Wir sind sehr skeptisch über den Verlauf, den die ganze Sache nimmt. Einmal abgesehen von der hinreichend begründeten anderen Auffassung die wir Grünen zur „Weichen-stellenden“ Auftragsvergabe an den Architekten haben, meinen wir: Methodische Fehler liegen zugrunde und  fehlende Zielausrichtung des Gemeinderates zu einem Dorfentwicklungskonzept führt dazu, dass schlussendlich wenig belastbare Ergebnisse erzielt werden. Im Sinne des Wirtschaftsförderungsthemas „Stärkung des Wir-Gefühls“ das Ganze lediglich umzuetikettieren in „Dorfentwicklung“ reicht nicht aus. Wir fragen uns, ob das hinterliegende  alleinige Ziel lautet, einen neuen „Dorfkern Rheurdt“ zu entwickeln, bei dem die jetzige Nutzung des Schulgebäudes stört? Arbeiten sie unabhängig von der Akzeptanz der Bürgerschaft ihren Bau-Entwicklungsplan ab? Dies mag den Bauträgern dienen, wegen hastiger Beratungsverfahren ist aber keineswegs sichergestellt, dass wichtige Zukunftsaufgaben auch umgesetzt werden. Ob das Ganze nun  auch hinsichtlich legitimer Anliegen beispielsweise der Schaephuysener Bürgerschaft Akzeptanz finden kann, scheint der schwierige Teil Ihrer Abwägungen zu werden.

Der gewählte Weg ist falsch. Ein Dorfentwicklungsplan muss die gleichberechtigten und gut begründeten legitimen Interessen beider Ortsteile berücksichtigen, darf Prioritäten setzen, muss aber auch Unverzichtbares identifizieren. Das ist in diesem Verfahren überhaupt nicht gegeben.

Ich wiederhole in dieser Rede nicht unsere Auffassung

– zur knappsten aller möglichen Informationen über Maßnahmen des Haushaltsplanes

  und

– zur Notwendigkeit einer Investition in Bildung und Jugendarbeit.

Dies ist nachlesbar und unverändert gültig wie in den vergangenen Jahren.

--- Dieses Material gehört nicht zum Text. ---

(* Let $m,n$ be positive integers and let $m=p_1^{k_1}\cdots p_r^{k_r}$ be the prime factorization of $m$. If $p_1,\dots,p_r$ are odd and none of them is a Wieferich prime, then $$P(m,n)=\mathrm{lcm}\left(p_1^{k_1-1}P(p_1,n),\dots,p_r^{k_r-1}P(p_r,n)\right).$$
   Context: For positive integers $m,n$, let $\mathbf{Z}_m$ be the integers modulo $m$ and $T:\mathbf{Z}_m^n\to\mathbf{Z}_m^n$, $T(a_0,\dots,a_{n-1})=(a_0+a_1,a_1+a_2,\dots,a_{n-2}+a_{n-1},a_{n-1}+a_0)$. For $\mathbf{a}\in\mathbf{Z}_m^n$ the sequence $(T^k\mathbf{a})_{k\ge0}$ is eventually periodic; its cycle length is the smallest positive integer $P$ such that there is $N$ with $T^{k+P}\mathbf{a}=T^k\mathbf{a}$ for all $k\ge N$. $P(m,n)$ denotes the maximum of the cycle lengths of $(T^k\mathbf{a})_{k\ge0}$ over all $\mathbf{a}\in\mathbf{Z}_m^n$. A prime $p$ is a Wieferich prime if $2^{p-1}\equiv1\pmod{p^2}$. *)

theory Defs
  imports "HOL-Number_Theory.Number_Theory"
begin

(* Elements of Z_m^n are represented as functions a :: nat => nat with
   a i < m for i < n (residues 0..m-1) and a i = 0 for i >= n. *)
definition vecs :: "nat \<Rightarrow> nat \<Rightarrow> (nat \<Rightarrow> nat) set" where
  "vecs m n = {a. (\<forall>i<n. a i < m) \<and> (\<forall>i\<ge>n. a i = 0)}"

definition Tmap :: "nat \<Rightarrow> nat \<Rightarrow> (nat \<Rightarrow> nat) \<Rightarrow> (nat \<Rightarrow> nat)" where
  "Tmap m n a = (\<lambda>i. if i < n then (a i + a ((i + 1) mod n)) mod m else 0)"

definition cycle_len :: "nat \<Rightarrow> nat \<Rightarrow> (nat \<Rightarrow> nat) \<Rightarrow> nat" where
  "cycle_len m n a = (LEAST P. 0 < P \<and>
      (\<exists>N. \<forall>k\<ge>N. (Tmap m n ^^ (k + P)) a = (Tmap m n ^^ k) a))"

definition Pmax :: "nat \<Rightarrow> nat \<Rightarrow> nat" where
  "Pmax m n = Max (cycle_len m n ` vecs m n)"

definition wieferich :: "nat \<Rightarrow> bool" where
  "wieferich p \<longleftrightarrow> prime p \<and> [2 ^ (p - 1) = 1] (mod p^2)"

end

theory Submission
  imports Defs "HOL-Computational_Algebra.Polynomial"
begin

text \<open>Encode \<open>a \<in> \<int>\<^sub>m\<^sup>n\<close> as a polynomial in \<open>\<int>[x]/(m, x^n - 1)\<close>, so that \<open>T\<close> becomes
  multiplication by \<open>1 + x\<close>. Then \<open>T^(N + P) = T^N\<close> on all of \<open>\<int>\<^sub>m\<^sup>n\<close> iff
  \<open>(1 + x)^N ((1 + x)^P - 1) \<in> (m, x^n - 1)\<close>, which is already the condition for the unit
  vector \<open>(1, 0, ..., 0)\<close>; so its cycle length is \<open>P(m, n)\<close>, and the periods are exactly the
  multiples of \<open>P(m, n)\<close>. The Chinese remainder theorem then makes \<open>P(m, n)\<close> the lcm of the
  \<open>P(p^k, n)\<close> over the prime powers \<open>p^k\<close> exactly dividing \<open>m\<close>.

  For a prime power, the binomial theorem lifts a period \<open>Q\<close> modulo \<open>p\<close> to the period
  \<open>p^(k - 1) Q\<close> modulo \<open>p^k\<close>; conversely, for odd \<open>p\<close>, a period \<open>p^i Q\<close> modulo \<open>p^(i + 2)\<close>
  descends to the period \<open>Q\<close> modulo \<open>p^2\<close>. Hence \<open>P(p^k, n) = p^(k - 1) P(p, n)\<close> unless
  \<open>P(p, n)\<close> is a period modulo \<open>p^2\<close>. Write \<open>n = p^e n'\<close> with \<open>p\<close> not dividing \<open>n'\<close>. Then
  \<open>P(p, n)\<close> divides \<open>p^e (p^f - 1)\<close> for \<open>f = \<phi>(n')\<close>, whereas every period modulo \<open>p^2\<close> is
  divisible by \<open>p^(e + 1)\<close>. The latter goes by induction on \<open>e\<close>, substituting \<open>x \<mapsto> x^p\<close>, down
  to \<open>e = 0\<close>, where evaluation at \<open>x = 1\<close> turns a period \<open>Q\<close> into \<open>2^Q \<equiv> 1 (mod p^2)\<close>; this
  forces \<open>p dvd Q\<close> precisely because \<open>p\<close> is not a Wieferich prime.\<close>

section \<open>The ideal \<open>(M, x^d - 1)\<close> of \<open>\<int>[x]\<close>\<close>

definition x_pow_minus_one :: "nat \<Rightarrow> int poly" where
  "x_pow_minus_one d = monom 1 d - 1"

definition cyc_ideal :: "int \<Rightarrow> nat \<Rightarrow> int poly set" where
  "cyc_ideal M d = {smult M a + x_pow_minus_one d * b | a b. True}"

lemma mem_cyc_ideal_iff: "f \<in> cyc_ideal M d \<longleftrightarrow> (\<exists>a b. f = smult M a + x_pow_minus_one d * b)"
  by (simp add: cyc_ideal_def)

Im Übrigen gilt für uns in diesem Jahr: Wo nichts mehr zu gestalten bleibt, werden die gesetzlichen Pflichtaufgaben erfüllt. Wir sind zuversichtlich, dass der verbleibende Spielraum der Verwaltung die Arbeit ermöglicht. Natürlich sind wir gespannt, was an neuen Einsparvorschlägen zum nächsten geplanten freiwilligen Haushaltskonzept vorgelegt werden wird. Wir werden dem Haushalt zustimmen.

 

Wir danken dem neuen Kämmerer, Herrn Schüren, für Beratungen in angenehmer Atmosphäre.

Wir bedanken uns auch bei der Verwaltung und bei dem Bürgermeister für die geleistete Arbeit und die Zusammenarbeit und wünschen Ihnen und ihren Familien Gesundheit und fried­liche Weihnachtstage.

 

Ich danke Ihnen für Ihre Aufmerksamkeit.